#### [PROBLEM DESCRIPTION]
Give back every entry below, exactly as written.

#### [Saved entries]

********

(* Let $(G,\circ)$ be a commutative group, $K$ a field, $t\in G$, $f:G\times G\to K$, and let $A=A_G(f,t)$. For $m\in\mathbb N$, one has $A^{[m]}=0$ if and only if $$\prod_{k=0}^{m-1}\ \prod_{s=0}^{2^{m-k-1}-1} f\Big(t^{2^k-1}\circ\prod_{q=1}^{2^k} a_{2^{k+1}s+q},\ \ t^{2^k-1}\circ\prod_{l=1}^{2^k} a_{2^{k+1}s+2^k+l}\Big)=0$$ for all $a_1,\dots,a_{2^m}\in G$ (products inside $f$ taken with respect to $\circ$). In particular, $A$ is solvable if and only if such an $m$ exists, and its index of solvability is the least such $m$.
   Context: The algebra $A_G(f,t)$ is the $K$-vector space with basis $\{e_a : a\in G\}$ and bilinear multiplication $e_a e_b = f(a,b)\, e_{a\circ b\circ t}$. The derived sequence is $A^{[0]}=A$, $A^{[k+1]}=A^{[k]}A^{[k]}$ (span of products); $A$ is solvable if $A^{[m]}=0$ for some $m$, and the least such $m$ is the index of solvability. *)

theory Defs
  imports "HOL.Modules" "HOL-Algebra.Group" "HOL-Algebra.FiniteProduct" "HOL-Library.Function_Algebras"
begin

text \<open>The algebra A_G(f,t): elements are finitely supported functions from carrier G to the
field 'k (coordinates w.r.t. the basis e_a, a in G), with pointwise K-vector space structure.\<close>

definition supp_fn :: "('a \<Rightarrow> 'k::zero) \<Rightarrow> 'a set" where
  "supp_fn x = {a. x a \<noteq> 0}"

definition alg_carrier :: "('a, 'm) monoid_scheme \<Rightarrow> ('a \<Rightarrow> 'k::field) set" where
  "alg_carrier G = {x. finite (supp_fn x) \<and> supp_fn x \<subseteq> carrier G}"

text \<open>Bilinear extension of e_a e_b = f(a,b) e_(a o b o t).\<close>
definition alg_mult :: "('a, 'm) monoid_scheme \<Rightarrow> ('a \<Rightarrow> 'a \<Rightarrow> 'k::field) \<Rightarrow> 'a
    \<Rightarrow> ('a \<Rightarrow> 'k) \<Rightarrow> ('a \<Rightarrow> 'k) \<Rightarrow> ('a \<Rightarrow> 'k)" where
  "alg_mult G f t x y = (\<lambda>c. \<Sum>a\<in>supp_fn x. \<Sum>b\<in>supp_fn y.
      if a \<otimes>\<^bsub>G\<^esub> b \<otimes>\<^bsub>G\<^esub> t = c then f a b * x a * y b else 0)"

definition fscale :: "'k::field \<Rightarrow> ('a \<Rightarrow> 'k) \<Rightarrow> ('a \<Rightarrow> 'k)" where
  "fscale c x = (\<lambda>a. c * x a)"

fun derived :: "('a, 'm) monoid_scheme \<Rightarrow> ('a \<Rightarrow> 'a \<Rightarrow> 'k::field) \<Rightarrow> 'a \<Rightarrow> nat
    \<Rightarrow> ('a \<Rightarrow> 'k) set" where
  "derived G f t 0 = alg_carrier G"
| "derived G f t (Suc k) = module.span fscale
      {alg_mult G f t x y | x y. x \<in> derived G f t k \<and> y \<in> derived G f t k}"

definition alg_solvable :: "('a, 'm) monoid_scheme \<Rightarrow> ('a \<Rightarrow> 'a \<Rightarrow> 'k::field) \<Rightarrow> 'a \<Rightarrow> bool" where
  "alg_solvable G f t \<longleftrightarrow> (\<exists>m. derived G f t m = {0})"

definition solv_index :: "('a, 'm) monoid_scheme \<Rightarrow> ('a \<Rightarrow> 'a \<Rightarrow> 'k::field) \<Rightarrow> 'a \<Rightarrow> nat" where
  "solv_index G f t = (LEAST m. derived G f t m = {0})"

definition prod_cond :: "('a, 'm) monoid_scheme \<Rightarrow> ('a \<Rightarrow> 'a \<Rightarrow> 'k::field) \<Rightarrow> 'a \<Rightarrow> nat \<Rightarrow> bool" where
  "prod_cond G f t m \<longleftrightarrow>
    (\<forall>a :: nat \<Rightarrow> 'a. (\<forall>i\<in>{1..2^m}. a i \<in> carrier G) \<longrightarrow>
      (\<Prod>k<m. \<Prod>s<2^(m-k-1).
         f (t [^]\<^bsub>G\<^esub> ((2::nat)^k - 1) \<otimes>\<^bsub>G\<^esub> finprod G (\<lambda>q. a (2^(k+1)*s + q)) {1..2^k})
           (t [^]\<^bsub>G\<^esub> ((2::nat)^k - 1) \<otimes>\<^bsub>G\<^esub> finprod G (\<lambda>l. a (2^(k+1)*s + 2^k + l)) {1..2^k}))
      = 0)"

end

theory Submission
  imports Defs
begin

(* Write e_g for the basis vector of g in G.  For a sequence a_1, ..., a_(2^k)
   of group elements let w_k(a) = t^(2^k - 1) a_1 ... a_(2^k) and let c_k(a) be the double
   product of values of f occurring in the statement (with m = k).  Basis vectors multiply
   as e_g e_h = f(g,h) e_(g h t), and unfolding this shows that the level-k monomials
   c_k(a) e_(w_k(a)) are exactly the products of two level-(k-1) monomials (the sequence
   a being the concatenation of the two shorter ones), the level-0 monomials being the
   basis vectors.  As the multiplication is bilinear, the products of vectors from span S
   span the same space as the products of vectors from S; by induction A^[k] is therefore
   the span of the level-k monomials.  A span is zero iff all spanning vectors are zero,
   and c e_w = 0 iff c = 0, so A^[m] = 0 iff c_m vanishes identically, which is the product
   condition. *)

context module
begin

lemma span_eq_zero_iff: "span S = {0} \<longleftrightarrow> S \<subseteq> {0}"
proof
  assume "span S = {0}"
  then show "S \<subseteq> {0}" using span_superset by blast
next
  assume "S \<subseteq> {0}"
  then have "span S \<subseteq> {0}" by (rule span_minimal) simp
  then show "span S = {0}" using span_zero by blast
qed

********

#### [TASK OUTPUT]
(* Let $(G,\circ)$ be a commutative group, $K$ a field, $t\in G$, $f:G\times G\to K$, and let $A=A_G(f,t)$. For $m\in\mathbb N$, one has $A^{[m]}=0$ if and only if $$\prod_{k=0}^{m-1}\ \prod_{s=0}^{2^{m-k-1}-1} f\Big(t^{2^k-1}\circ\prod_{q=1}^{2^k} a_{2^{k+1}s+q},\ \ t^{2^k-1}\circ\prod_{l=1}^{2^k} a_{2^{k+1}s+2^k+l}\Big)=0$$ for all $a_1,\dots,a_{2^m}\in G$ (products inside $f$ taken with respect to $\circ$). In particular, $A$ is solvable if and only if such an $m$ exists, and its index of solvability is the least such $m$.
   Context: The algebra $A_G(f,t)$ is the $K$-vector space with basis $\{e_a : a\in G\}$ and bilinear multiplication $e_a e_b = f(a,b)\, e_{a\circ b\circ t}$. The derived sequence is $A^{[0]}=A$, $A^{[k+1]}=A^{[k]}A^{[k]}$ (span of products); $A$ is solvable if $A^{[m]}=0$ for some $m$, and the least such $m$ is the index of solvability. *)

theory Defs
  imports "HOL.Modules" "HOL-Algebra.Group" "HOL-Algebra.FiniteProduct" "HOL-Library.Function_Algebras"
begin

text \<open>The algebra A_G(f,t): elements are finitely supported functions from carrier G to the
field 'k (coordinates w.r.t. the basis e_a, a in G), with pointwise K-vector space structure.\<close>

definition supp_fn :: "('a \<Rightarrow> 'k::zero) \<Rightarrow> 'a set" where
  "supp_fn x = {a. x a \<noteq> 0}"

definition alg_carrier :: "('a, 'm) monoid_scheme \<Rightarrow> ('a \<Rightarrow> 'k::field) set" where
  "alg_carrier G = {x. finite (supp_fn x) \<and> supp_fn x \<subseteq> carrier G}"

text \<open>Bilinear extension of e_a e_b = f(a,b) e_(a o b o t).\<close>
definition alg_mult :: "('a, 'm) monoid_scheme \<Rightarrow> ('a \<Rightarrow> 'a \<Rightarrow> 'k::field) \<Rightarrow> 'a
    \<Rightarrow> ('a \<Rightarrow> 'k) \<Rightarrow> ('a \<Rightarrow> 'k) \<Rightarrow> ('a \<Rightarrow> 'k)" where
  "alg_mult G f t x y = (\<lambda>c. \<Sum>a\<in>supp_fn x. \<Sum>b\<in>supp_fn y.
      if a \<otimes>\<^bsub>G\<^esub> b \<otimes>\<^bsub>G\<^esub> t = c then f a b * x a * y b else 0)"

definition fscale :: "'k::field \<Rightarrow> ('a \<Rightarrow> 'k) \<Rightarrow> ('a \<Rightarrow> 'k)" where
  "fscale c x = (\<lambda>a. c * x a)"

fun derived :: "('a, 'm) monoid_scheme \<Rightarrow> ('a \<Rightarrow> 'a \<Rightarrow> 'k::field) \<Rightarrow> 'a \<Rightarrow> nat
    \<Rightarrow> ('a \<Rightarrow> 'k) set" where
  "derived G f t 0 = alg_carrier G"
| "derived G f t (Suc k) = module.span fscale
      {alg_mult G f t x y | x y. x \<in> derived G f t k \<and> y \<in> derived G f t k}"

definition alg_solvable :: "('a, 'm) monoid_scheme \<Rightarrow> ('a \<Rightarrow> 'a \<Rightarrow> 'k::field) \<Rightarrow> 'a \<Rightarrow> bool" where
  "alg_solvable G f t \<longleftrightarrow> (\<exists>m. derived G f t m = {0})"

definition solv_index :: "('a, 'm) monoid_scheme \<Rightarrow> ('a \<Rightarrow> 'a \<Rightarrow> 'k::field) \<Rightarrow> 'a \<Rightarrow> nat" where
  "solv_index G f t = (LEAST m. derived G f t m = {0})"

definition prod_cond :: "('a, 'm) monoid_scheme \<Rightarrow> ('a \<Rightarrow> 'a \<Rightarrow> 'k::field) \<Rightarrow> 'a \<Rightarrow> nat \<Rightarrow> bool" where
  "prod_cond G f t m \<longleftrightarrow>
    (\<forall>a :: nat \<Rightarrow> 'a. (\<forall>i\<in>{1..2^m}. a i \<in> carrier G) \<longrightarrow>
      (\<Prod>k<m. \<Prod>s<2^(m-k-1).
         f (t [^]\<^bsub>G\<^esub> ((2::nat)^k - 1) \<otimes>\<^bsub>G\<^esub> finprod G (\<lambda>q. a (2^(k+1)*s + q)) {1..2^k})
           (t [^]\<^bsub>G\<^esub> ((2::nat)^k - 1) \<otimes>\<^bsub>G\<^esub> finprod G (\<lambda>l. a (2^(k+1)*s + 2^k + l)) {1..2^k}))
      = 0)"

end

theory Submission
  imports Defs
begin

(* Write e_g for the basis vector of g in G.  For a sequence a_1, ..., a_(2^k)
   of group elements let w_k(a) = t^(2^k - 1) a_1 ... a_(2^k) and let c_k(a) be the double
   product of values of f occurring in the statement (with m = k).  Basis vectors multiply
   as e_g e_h = f(g,h) e_(g h t), and unfolding this shows that the level-k monomials
   c_k(a) e_(w_k(a)) are exactly the products of two level-(k-1) monomials (the sequence
   a being the concatenation of the two shorter ones), the level-0 monomials being the
   basis vectors.  As the multiplication is bilinear, the products of vectors from span S
   span the same space as the products of vectors from S; by induction A^[k] is therefore
   the span of the level-k monomials.  A span is zero iff all spanning vectors are zero,
   and c e_w = 0 iff c = 0, so A^[m] = 0 iff c_m vanishes identically, which is the product
   condition. *)

context module
begin

lemma span_eq_zero_iff: "span S = {0} \<longleftrightarrow> S \<subseteq> {0}"
proof
  assume "span S = {0}"
  then show "S \<subseteq> {0}" using span_superset by blast
next
  assume "S \<subseteq> {0}"
  then have "span S \<subseteq> {0}" by (rule span_minimal) simp
  then show "span S = {0}" using span_zero by blast
qed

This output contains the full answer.